== MATERIAL SUPPLIED ==
(* Let $X$ be a set. For every directed pseudo-metric $d$ on $\mathcal P(X)$, $\alpha_T(\gamma_T(d))$ is the greatest directed pseudo-metric $d'$ on $\mathcal P(X)$ such that $d'\le d$ and $d'$ is join-preserving in its first argument.
   Context: $r\oplus s=\min\{r+s,1\}$, $r\ominus s=\max\{0,r-s\}$. A directed pseudo-metric on $Y$ is $d\colon Y\times Y\to[0,1]$ with $d(y,y)=0$ and $d(x,z)\le d(x,y)\oplus d(y,z)$. $d'$ on $\mathcal P(X)$ is join-preserving in its first argument if $d'(\bigcup_iX_i,Y)=\bigvee_id'(X_i,Y)$ for all families (empty join $=0$). For $f\colon X\to[0,1]$, $\tilde f(Y)=\bigvee_{x\in Y}f(x)$. $\alpha_T(\mathcal F)(X_1,X_2)=\bigvee_{f\in\mathcal F}(\tilde f(X_1)\ominus\tilde f(X_2))$ for $\mathcal F\subseteq[0,1]^X$; $\gamma_T(d)=\{f\in[0,1]^X\mid\forall X_1,X_2\subseteq X\colon\tilde f(X_1)\ominus\tilde f(X_2)\le d(X_1,X_2)\}$. *)

theory Defs
  imports Main "HOL.Real"
begin

definition tplus :: "real \<Rightarrow> real \<Rightarrow> real" where
  "tplus r s = min (r + s) 1"

definition tminus :: "real \<Rightarrow> real \<Rightarrow> real" where
  "tminus r s = max 0 (r - s)"

definition join01 :: "real set \<Rightarrow> real" where
  "join01 A = (if A = {} then 0 else Sup A)"

definition directed_pseudo_metric :: "('y \<Rightarrow> 'y \<Rightarrow> real) \<Rightarrow> bool" where
  "directed_pseudo_metric d \<longleftrightarrow>
     (\<forall>x y. 0 \<le> d x y \<and> d x y \<le> 1) \<and>
     (\<forall>y. d y y = 0) \<and>
     (\<forall>x y z. d x z \<le> tplus (d x y) (d y z))"

definition join_preserving_fst :: "('a set \<Rightarrow> 'a set \<Rightarrow> real) \<Rightarrow> bool" where
  "join_preserving_fst d \<longleftrightarrow>
     (\<forall>(S :: 'a set set) Y. d (\<Union>S) Y = join01 ((\<lambda>Xi. d Xi Y) ` S))"

definition lift_sup :: "('a \<Rightarrow> real) \<Rightarrow> 'a set \<Rightarrow> real" where
  "lift_sup f Y = join01 (f ` Y)"

definition alphaT :: "('a \<Rightarrow> real) set \<Rightarrow> 'a set \<Rightarrow> 'a set \<Rightarrow> real" where
  "alphaT F X1 X2 = join01 ((\<lambda>f. tminus (lift_sup f X1) (lift_sup f X2)) ` F)"

definition gammaT :: "('a set \<Rightarrow> 'a set \<Rightarrow> real) \<Rightarrow> ('a \<Rightarrow> real) set" where
  "gammaT d = {f. (\<forall>x. 0 \<le> f x \<and> f x \<le> 1) \<and>
      (\<forall>X1 X2. tminus (lift_sup f X1) (lift_sup f X2) \<le> d X1 X2)}"

end

theory Submission
  imports Defs
begin

text \<open>
  The functions of \<open>gammaT d\<close> are exactly the \<open>[0,1]\<close>-valued \<open>f\<close> whose lifting
  \<open>lift_sup f\<close> is non-expansive from \<open>d\<close> to the truncated difference on \<open>[0,1]\<close>.
  Hence \<open>alphaT (gammaT d)\<close> is below \<open>d\<close>; it is a directed pseudo-metric and
  join-preserving because each \<open>lift_sup f\<close> turns unions into joins and truncated
  subtraction of a constant commutes with joins.  For maximality, a join-preserving
  directed pseudo-metric \<open>d' \<le> d\<close> is recovered from the single function
  \<open>f x = d' {x} Y\<close>: join preservation gives \<open>lift_sup f X = d' X Y\<close>, and the
  triangle inequality puts \<open>f\<close> into \<open>gammaT d\<close>.
\<close>

lemma join01_le_iff:
  assumes "A \<subseteq> {0..1}" "0 \<le> c"
  shows "join01 A \<le> c \<longleftrightarrow> (\<forall>a\<in>A. a \<le> c)"
proof (cases "A = {}")
  case False
  moreover have "bdd_above A" using bdd_above_mono[OF bdd_above_Icc assms(1)] .
  ultimately show ?thesis by (simp add: join01_def cSup_le_iff)
qed (use assms in \<open>simp add: join01_def\<close>)

lemma join01_upper:
  assumes "A \<subseteq> {0..1}" "a \<in> A"
  shows "a \<le> join01 A"
proof -
  have "bdd_above A" using bdd_above_mono[OF bdd_above_Icc assms(1)] .
  then show ?thesis using assms(2) by (auto simp add: join01_def intro: cSup_upper)
qed

lemma join01_in_unit:
  assumes "A \<subseteq> {0..1}"
  shows "join01 A \<in> {0..1}"
proof (cases "A = {}")
  case False
  then obtain a where "a \<in> A" by blast
  then have "0 \<le> join01 A" using assms join01_upper[OF assms] by force
  moreover have "join01 A \<le> 1" using assms by (subst join01_le_iff) auto
  ultimately show ?thesis by simp
qed (simp add: join01_def)

lemma join01_Union:
  assumes "\<Union>S \<subseteq> {0..1}"
  shows "join01 (\<Union>S) = join01 (join01 ` S)"
proof -
  have S_unit: "A \<subseteq> {0..1}" if "A \<in> S" for A using assms that by blast
  have joins_unit: "join01 ` S \<subseteq> {0..1}" using S_unit join01_in_unit by blast
  have "join01 (\<Union>S) \<le> join01 (join01 ` S)"
  proof (subst join01_le_iff[OF assms], use join01_in_unit[OF joins_unit] in simp, intro ballI)
    fix a assume "a \<in> \<Union>S"
    then obtain A where "A \<in> S" "a \<in> A" by blast
    then have "a \<le> join01 A" using S_unit join01_upper by blast
    also have "\<dots> \<le> join01 (join01 ` S)" using \<open>A \<in> S\<close> joins_unit join01_upper by blast
    finally show "a \<le> join01 (join01 ` S)" .
  qed
  moreover have "join01 (join01 ` S) \<le> join01 (\<Union>S)"
    using assms S_unit joins_unit join01_in_unit[OF assms]
    by (auto simp: join01_le_iff intro: join01_upper)
  ultimately show ?thesis by linarith
qed

lemma join01_swap:
  assumes "\<And>i j. i \<in> I \<Longrightarrow> j \<in> J \<Longrightarrow> g i j \<in> {0..1}"
  shows "join01 ((\<lambda>i. join01 ((\<lambda>j. g i j) ` J)) ` I)
       = join01 ((\<lambda>j. join01 ((\<lambda>i. g i j) ` I)) ` J)"
proof -
  have "join01 ((\<lambda>i. join01 ((\<lambda>j. g i j) ` J)) ` I) = join01 (\<Union>i\<in>I. (\<lambda>j. g i j) ` J)"
    using join01_Union[of "(\<lambda>i. (\<lambda>j. g i j) ` J) ` I"] assms by (force simp: image_image)
  also have "(\<Union>i\<in>I. (\<lambda>j. g i j) ` J) = (\<Union>j\<in>J. (\<lambda>i. g i j) ` I)" by blast
  also have "join01 \<dots> = join01 ((\<lambda>j. join01 ((\<lambda>i. g i j) ` I)) ` J)"
    using join01_Union[of "(\<lambda>j. (\<lambda>i. g i j) ` I) ` J"] assms by (force simp: image_image)
  finally show ?thesis .
qed

lemma tminus_triangle: "tminus a c \<le> tminus a b + tminus b c"
  unfolding tminus_def by linarith

lemma tminus_join01:
  assumes "A \<subseteq> {0..1}" "0 \<le> c"
  shows "tminus (join01 A) c = join01 ((\<lambda>a. tminus a c) ` A)"
proof -
  let ?R = "join01 ((\<lambda>a. tminus a c) ` A)"
  have shifted_unit: "(\<lambda>a. tminus a c) ` A \<subseteq> {0..1}"
    using assms by (auto simp: tminus_def)
  have R_unit: "?R \<in> {0..1}" using join01_in_unit[OF shifted_unit] .
  have "join01 A \<le> ?R + c"
  proof (subst join01_le_iff[OF assms(1)], use R_unit assms(2) in simp, intro ballI)
    fix a assume "a \<in> A"
    then have "tminus a c \<le> ?R" using shifted_unit join01_upper by blast
    then show "a \<le> ?R + c" unfolding tminus_def by linarith
  qed
  then have "tminus (join01 A) c \<le> ?R" using R_unit unfolding tminus_def by simp
  moreover have "?R \<le> tminus (join01 A) c"
  proof (subst join01_le_iff[OF shifted_unit])
    show "0 \<le> tminus (join01 A) c" by (simp add: tminus_def)
    have "tminus a c \<le> tminus (join01 A) c" if "a \<in> A" for a
      using join01_upper[OF assms(1) that] by (simp add: tminus_def)
    then show "\<forall>b\<in>(\<lambda>a. tminus a c) ` A. b \<le> tminus (join01 A) c" by blast
  qed
  ultimately show ?thesis by linarith
qed

lemma lift_sup_in_unit: "range f \<subseteq> {0..1} \<Longrightarrow> lift_sup f X \<in> {0..1}"
  unfolding lift_sup_def by (rule join01_in_unit) blast

lemma lift_sup_Union:
  assumes "range f \<subseteq> {0..1}"
  shows "lift_sup f (\<Union>S) = join01 ((\<lambda>X. lift_sup f X) ` S)"
  using join01_Union[of "(\<lambda>X. f ` X) ` S"] assms
  by (force simp: lift_sup_def image_Union image_image)

lemma join_preserving_fst_lift_sup:
  assumes "join_preserving_fst d"
  shows "lift_sup (\<lambda>x. d {x} Y) X = d X Y"
  using assms[unfolded join_preserving_fst_def, rule_format, of "(\<lambda>x. {x}) ` X" Y]
  by (simp add: lift_sup_def image_image)

lemma directed_pseudo_metric_tminus_le:
  assumes "directed_pseudo_metric d"
  shows "tminus (d X Z) (d Y Z) \<le> d X Y"
proof -
  have "d X Z \<le> tplus (d X Y) (d Y Z)" "0 \<le> d X Y"
    using assms by (simp_all add: directed_pseudo_metric_def)
  then show ?thesis by (simp add: tplus_def tminus_def)
qed

lemma tminus_lift_sup_in_unit:
  assumes "range f \<subseteq> {0..1}"
  shows "tminus (lift_sup f X) (lift_sup f Y) \<in> {0..1}"
  using lift_sup_in_unit[OF assms, of X] lift_sup_in_unit[OF assms, of Y]
  by (simp add: tminus_def)

context
  fixes F :: "('a \<Rightarrow> real) set"
  assumes unit_valued: "\<forall>f\<in>F. range f \<subseteq> {0..1}"
begin

lemma alphaT_terms_unit: "(\<lambda>f. tminus (lift_sup f X) (lift_sup f Y)) ` F \<subseteq> {0..1}"
  using unit_valued by (auto intro: tminus_lift_sup_in_unit)

lemma alphaT_in_unit: "alphaT F X Y \<in> {0..1}"
  unfolding alphaT_def using alphaT_terms_unit by (rule join01_in_unit)

lemma alphaT_upper: "f \<in> F \<Longrightarrow> tminus (lift_sup f X) (lift_sup f Y) \<le> alphaT F X Y"
  unfolding alphaT_def by (rule join01_upper[OF alphaT_terms_unit imageI])

lemma alphaT_le_iff:
  "0 \<le> c \<Longrightarrow> alphaT F X Y \<le> c \<longleftrightarrow> (\<forall>f\<in>F. tminus (lift_sup f X) (lift_sup f Y) \<le> c)"
  unfolding alphaT_def by (simp add: join01_le_iff[OF alphaT_terms_unit])

lemma directed_pseudo_metric_alphaT: "directed_pseudo_metric (alphaT F)"
  unfolding directed_pseudo_metric_def
proof (intro conjI allI)
  fix X Y show "0 \<le> alphaT F X Y" "alphaT F X Y \<le> 1" using alphaT_in_unit by auto
next
  fix Y show "alphaT F Y Y = 0"
    using alphaT_le_iff[of 0 Y Y] alphaT_in_unit[of Y Y] by (simp add: tminus_def)
next
  fix X Y Z
  have "tminus (lift_sup f X) (lift_sup f Z) \<le> min (alphaT F X Y + alphaT F Y Z) 1"
    if "f \<in> F" for f
  proof -
    have "tminus (lift_sup f X) (lift_sup f Z)
        \<le> tminus (lift_sup f X) (lift_sup f Y) + tminus (lift_sup f Y) (lift_sup f Z)"
      by (rule tminus_triangle)
    also have "\<dots> \<le> alphaT F X Y + alphaT F Y Z"
      using alphaT_upper[OF that, of X Y] alphaT_upper[OF that, of Y Z] by (rule add_mono)
    finally show ?thesis
      using tminus_lift_sup_in_unit[of f X Z] unit_valued that by simp
  qed
  moreover have "0 \<le> min (alphaT F X Y + alphaT F Y Z) 1" using alphaT_in_unit by auto
  ultimately show "alphaT F X Z \<le> tplus (alphaT F X Y) (alphaT F Y Z)"
    unfolding tplus_def by (simp add: alphaT_le_iff)
qed

lemma join_preserving_fst_alphaT: "join_preserving_fst (alphaT F)"
  unfolding join_preserving_fst_def
proof (intro allI)
  fix S :: "'a set set" and Y
  have terms_Union: "tminus (lift_sup f (\<Union>S)) (lift_sup f Y)
      = join01 ((\<lambda>X. tminus (lift_sup f X) (lift_sup f Y)) ` S)" if "f \<in> F" for f
  proof -
    have f_unit: "range f \<subseteq> {0..1}" using unit_valued that by blast
    have "lift_sup f ` S \<subseteq> {0..1}" "0 \<le> lift_sup f Y"
      using lift_sup_in_unit[OF f_unit] by auto
    then show ?thesis
      unfolding lift_sup_Union[OF f_unit] by (subst tminus_join01) (simp_all add: image_image)
  qed
  then have "alphaT F (\<Union>S) Y
      = join01 ((\<lambda>f. join01 ((\<lambda>X. tminus (lift_sup f X) (lift_sup f Y)) ` S)) ` F)"
    unfolding alphaT_def by (simp add: terms_Union cong: image_cong)
  also have "\<dots> = join01 ((\<lambda>X. alphaT F X Y) ` S)"
    unfolding alphaT_def
  proof (rule join01_swap[of F S "\<lambda>f X. tminus (lift_sup f X) (lift_sup f Y)"])
    fix f X assume "f \<in> F"
    then show "tminus (lift_sup f X) (lift_sup f Y) \<in> {0..1}"
      using unit_valued by (intro tminus_lift_sup_in_unit) blast
  qed
  finally show "alphaT F (\<Union>S) Y = join01 ((\<lambda>X. alphaT F X Y) ` S)" .
qed

end

lemma gammaT_unit_valued: "\<forall>f\<in>gammaT d. range f \<subseteq> {0..1}"
  by (auto simp: gammaT_def)

lemma alphaT_gammaT_le:
  assumes "0 \<le> d X Y"
  shows "alphaT (gammaT d) X Y \<le> d X Y"
  using assms by (subst alphaT_le_iff[OF gammaT_unit_valued]) (auto simp: gammaT_def)

lemma le_alphaT_gammaT:
  assumes "directed_pseudo_metric d'" "join_preserving_fst d'" "\<And>X Y. d' X Y \<le> d X Y"
  shows "d' X Y \<le> alphaT (gammaT d) X Y"
proof -
  define f where "f x = d' {x} Y" for x
  have lift_f: "lift_sup f Z = d' Z Y" for Z
    unfolding f_def using assms(2) by (rule join_preserving_fst_lift_sup)
  have "f \<in> gammaT d"
  proof -
    have "0 \<le> f x \<and> f x \<le> 1" for x
      using assms(1) by (simp add: f_def directed_pseudo_metric_def)
    moreover have "tminus (lift_sup f X1) (lift_sup f X2) \<le> d X1 X2" for X1 X2
      unfolding lift_f using directed_pseudo_metric_tminus_le[OF assms(1)] assms(3) order_trans by blast
    ultimately show ?thesis by (simp add: gammaT_def)
  qed
  moreover have "d' X Y = tminus (lift_sup f X) (lift_sup f Y)"
    using assms(1) by (simp add: lift_f tminus_def directed_pseudo_metric_def)
  ultimately show ?thesis using alphaT_upper[OF gammaT_unit_valued] by simp
qed

theorem mainTheorem16:
  fixes d :: "'a set \<Rightarrow> 'a set \<Rightarrow> real"
  assumes "directed_pseudo_metric d"
  shows "directed_pseudo_metric (alphaT (gammaT d))
    \<and> (\<forall>X1 X2. alphaT (gammaT d) X1 X2 \<le> d X1 X2)
    \<and> join_preserving_fst (alphaT (gammaT d))
    \<and> (\<forall>d'. directed_pseudo_metric d' \<and> (\<forall>X1 X2. d' X1 X2 \<le> d X1 X2)
            \<and> join_preserving_fst d'
          \<longrightarrow> (\<forall>X1 X2. d' X1 X2 \<le> alphaT (gammaT d) X1 X2))"
proof (intro conjI allI impI)
  have "0 \<le> d X1 X2" for X1 X2 using assms by (simp add: directed_pseudo_metric_def)
  then show "alphaT (gammaT d) X1 X2 \<le> d X1 X2" for X1 X2 by (rule alphaT_gammaT_le)
  show "directed_pseudo_metric (alphaT (gammaT d))"
    using gammaT_unit_valued by (rule directed_pseudo_metric_alphaT)
  show "join_preserving_fst (alphaT (gammaT d))"
    using gammaT_unit_valued by (rule join_preserving_fst_alphaT)
next
  fix d' :: "'a set \<Rightarrow> 'a set \<Rightarrow> real" and X1 X2
  assume "directed_pseudo_metric d' \<and> (\<forall>X1 X2. d' X1 X2 \<le> d X1 X2) \<and> join_preserving_fst d'"
  then show "d' X1 X2 \<le> alphaT (gammaT d) X1 X2" by (blast intro: le_alphaT_gammaT)
qed

end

== TASK REQUIREMENTS ==
Scan the material above for lines holding "into" and copy each of them.

== ANSWER SECTION ==
  join-preserving because each \<open>lift_sup f\<close> turns unions into joins and truncated
  triangle inequality puts \<open>f\<close> into \<open>gammaT d\<close>.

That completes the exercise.